# EXERCISE INSTRUCTIONS:
Print, from the listing below, the lines starting at the line containing "x) \<in> borel_measurable" and ending at the line containing "unfolding f_def by", exactly as they stand, and print nothing else.

|---|

lemma entropy_gauss_mixture_ge:
  fixes s t a b :: real
  assumes "0 < s" "0 \<le> t" "t \<le> 1"
  defines "f \<equiv> gauss_mixture_rel_density s a b t"
  shows "(1 - t) * (ln (1 - t) + (s + a\<^sup>2 - 1 - ln s) / 2) + t * (ln t + (s + b\<^sup>2 - 1 - ln s) / 2)
           \<le> (\<integral>x. ln (f x) * f x \<partial>std_gauss)"
proof -
  let ?U = "gauss_rel_density s"
  define L where "L x = (1 - t) * (ln (1 - t) * ?U a x + ?U a x * ln (?U a x))
    + t * (ln t * ?U b x + ?U b x * ln (?U b x))" for x
  define H where "H x = (1 - t) * (?U a x * ln (?U a x)) + t * (?U b x * ln (?U b x))" for x
  have L: "has_bochner_integral std_gauss L
      ((1 - t) * (ln (1 - t) * 1 + (s + a\<^sup>2 - 1 - ln s) / 2) + t * (ln t * 1 + (s + b\<^sup>2 - 1 - ln s) / 2))"
    unfolding L_def[abs_def]
    by (intro has_bochner_integral_add has_bochner_integral_mult_right
        has_bochner_integral_gauss_rel_density has_bochner_integral_gauss_entropy assms)
  have "has_bochner_integral std_gauss H
      ((1 - t) * ((s + a\<^sup>2 - 1 - ln s) / 2) + t * ((s + b\<^sup>2 - 1 - ln s) / 2))"
    unfolding H_def[abs_def]
    by (intro has_bochner_integral_add has_bochner_integral_mult_right has_bochner_integral_gauss_entropy assms)
  then have "integrable std_gauss H"
    by (rule integrable.intros)
  have U_pos: "0 < ?U a x" "0 < ?U b x" for x
    using gauss_rel_density_pos[OF assms(1)] by auto
  have f_eq: "f x = (1 - t) * ?U a x + t * ?U b x" for x
    by (simp add: f_def gauss_mixture_rel_density_def)
  have L_le: "L x \<le> ln (f x) * f x" for x
  proof -
    have "(1 - t) * ?U a x * (ln (1 - t) + ln (?U a x)) \<le> (1 - t) * ?U a x * ln (f x)"
      using assms(1-3) U_pos[of x] by (intro mult_ln_mult_le) (auto simp: f_eq)
    moreover have "t * ?U b x * (ln t + ln (?U b x)) \<le> t * ?U b x * ln (f x)"
      using assms(1-3) U_pos[of x] by (intro mult_ln_mult_le) (auto simp: f_eq)
    ultimately show ?thesis
      by (simp add: L_def f_eq algebra_simps)
  qed
  \<comment> \<open>this convexity bound only serves to make \<open>f log f\<close> integrable\<close>
  have le_H: "ln (f x) * f x \<le> H x" for x
    using convex_combination_mult_ln_le[OF U_pos[of x] assms(2,3)]
    by (simp add: H_def f_eq mult.commute)
  have "integrable std_gauss (\<lambda>x. ln (f x) * f x)"
  proof (rule integrable_between[where g=L and h=H])
    show "(\<lambda>x. ln (f x) * f x) \<in> borel_measurable std_gauss"
      unfolding f_def gauss_mixture_rel_density_def gauss_rel_density_def by measurable
  qed (use integrable.intros[OF L] \<open>integrable std_gauss H\<close> L_le le_H in auto)
  then have "(\<integral>x. L x \<partial>std_gauss) \<le> (\<integral>x. ln (f x) * f x \<partial>std_gauss)"
    using integrable.intros[OF L] L_le by (intro integral_mono) auto
  then show ?thesis
    using L by (simp add: has_bochner_integral_integral_eq)
qed

theorem lemma2:
  fixes a b \<sigma> t :: real
  assumes "0 < \<sigma>" "\<sigma> \<le> 1" "0 \<le> t" "t \<le> 1"
  shows "ls_deficit (\<lambda>x. ((1 - t) * gauss_density a \<sigma> x + t * gauss_density b \<sigma> x)
                          / std_normal_density x)
         \<le> (1/4) * (1/\<sigma> - 1)\<^sup>2 - xlnx (1 - t) - xlnx t"
proof -
  define f where "f = gauss_mixture_rel_density \<sigma> a b t"
  have "std_normal_density x \<noteq> 0" for x
    using normal_density_pos[of 1 0 x] by simp
  then have "(\<lambda>x. ((1 - t) * gauss_density a \<sigma> x + t * gauss_density b \<sigma> x) / std_normal_density x) = f"
    by (auto simp: f_def gauss_mixture_rel_density_def field_simps
        std_normal_density_mult_gauss_rel_density[OF assms(1), symmetric])
  then have "ls_deficit (\<lambda>x. ((1 - t) * gauss_density a \<sigma> x + t * gauss_density b \<sigma> x) / std_normal_density x)
      = 1/2 * (\<integral>x. (deriv f x / f x)\<^sup>2 * f x \<partial>std_gauss) - (\<integral>x. ln (f x) * f x \<partial>std_gauss)"
    by (simp add: ls_deficit_def)
  also have "\<dots> \<le> 1/2 * ((1 - t) * ((\<sigma> - 1)\<^sup>2 / \<sigma> + a\<^sup>2) + t * ((\<sigma> - 1)\<^sup>2 / \<sigma> + b\<^sup>2))
      - ((1 - t) * (ln (1 - t) + (\<sigma> + a\<^sup>2 - 1 - ln \<sigma>) / 2) + t * (ln t + (\<sigma> + b\<^sup>2 - 1 - ln \<sigma>) / 2))"
    using fisher_gauss_mixture_le[OF assms(1,3,4), of a b] entropy_gauss_mixture_ge[OF assms(1,3,4), of a b]
    unfolding f_def by (intro diff_mono mult_left_mono) simp_all
  also have "\<dots> = (1 - \<sigma> + \<sigma> * ln \<sigma>) / (2 * \<sigma>) - xlnx (1 - t) - xlnx t"
    using assms(1) by (simp add: xlnx_def power2_eq_square field_simps)
  also have "\<dots> \<le> (1/4) * (1/\<sigma> - 1)\<^sup>2 - xlnx (1 - t) - xlnx t"
    using gauss_deficit_le[OF assms(1,2)] by simp
  finally show ?thesis .
qed

end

|---|

# WRITTEN RESPONSE:
    show "(\<lambda>x. ln (f x) * f x) \<in> borel_measurable std_gauss"
      unfolding f_def gauss_mixture_rel_density_def gauss_rel_density_def by measurable
  qed (use integrable.intros[OF L] \<open>integrable std_gauss H\<close> L_le le_H in auto)
  then have "(\<integral>x. L x \<partial>std_gauss) \<le> (\<integral>x. ln (f x) * f x \<partial>std_gauss)"
    using integrable.intros[OF L] L_le by (intro integral_mono) auto
  then show ?thesis
    using L by (simp add: has_bochner_integral_integral_eq)
qed

theorem lemma2:
  fixes a b \<sigma> t :: real
  assumes "0 < \<sigma>" "\<sigma> \<le> 1" "0 \<le> t" "t \<le> 1"
  shows "ls_deficit (\<lambda>x. ((1 - t) * gauss_density a \<sigma> x + t * gauss_density b \<sigma> x)
                          / std_normal_density x)
         \<le> (1/4) * (1/\<sigma> - 1)\<^sup>2 - xlnx (1 - t) - xlnx t"
proof -
  define f where "f = gauss_mixture_rel_density \<sigma> a b t"
  have "std_normal_density x \<noteq> 0" for x
    using normal_density_pos[of 1 0 x] by simp
  then have "(\<lambda>x. ((1 - t) * gauss_density a \<sigma> x + t * gauss_density b \<sigma> x) / std_normal_density x) = f"
    by (auto simp: f_def gauss_mixture_rel_density_def field_simps
        std_normal_density_mult_gauss_rel_density[OF assms(1), symmetric])
  then have "ls_deficit (\<lambda>x. ((1 - t) * gauss_density a \<sigma> x + t * gauss_density b \<sigma> x) / std_normal_density x)
      = 1/2 * (\<integral>x. (deriv f x / f x)\<^sup>2 * f x \<partial>std_gauss) - (\<integral>x. ln (f x) * f x \<partial>std_gauss)"
    by (simp add: ls_deficit_def)
  also have "\<dots> \<le> 1/2 * ((1 - t) * ((\<sigma> - 1)\<^sup>2 / \<sigma> + a\<^sup>2) + t * ((\<sigma> - 1)\<^sup>2 / \<sigma> + b\<^sup>2))
      - ((1 - t) * (ln (1 - t) + (\<sigma> + a\<^sup>2 - 1 - ln \<sigma>) / 2) + t * (ln t + (\<sigma> + b\<^sup>2 - 1 - ln \<sigma>) / 2))"
    using fisher_gauss_mixture_le[OF assms(1,3,4), of a b] entropy_gauss_mixture_ge[OF assms(1,3,4), of a b]
    unfolding f_def by (intro diff_mono mult_left_mono) simp_all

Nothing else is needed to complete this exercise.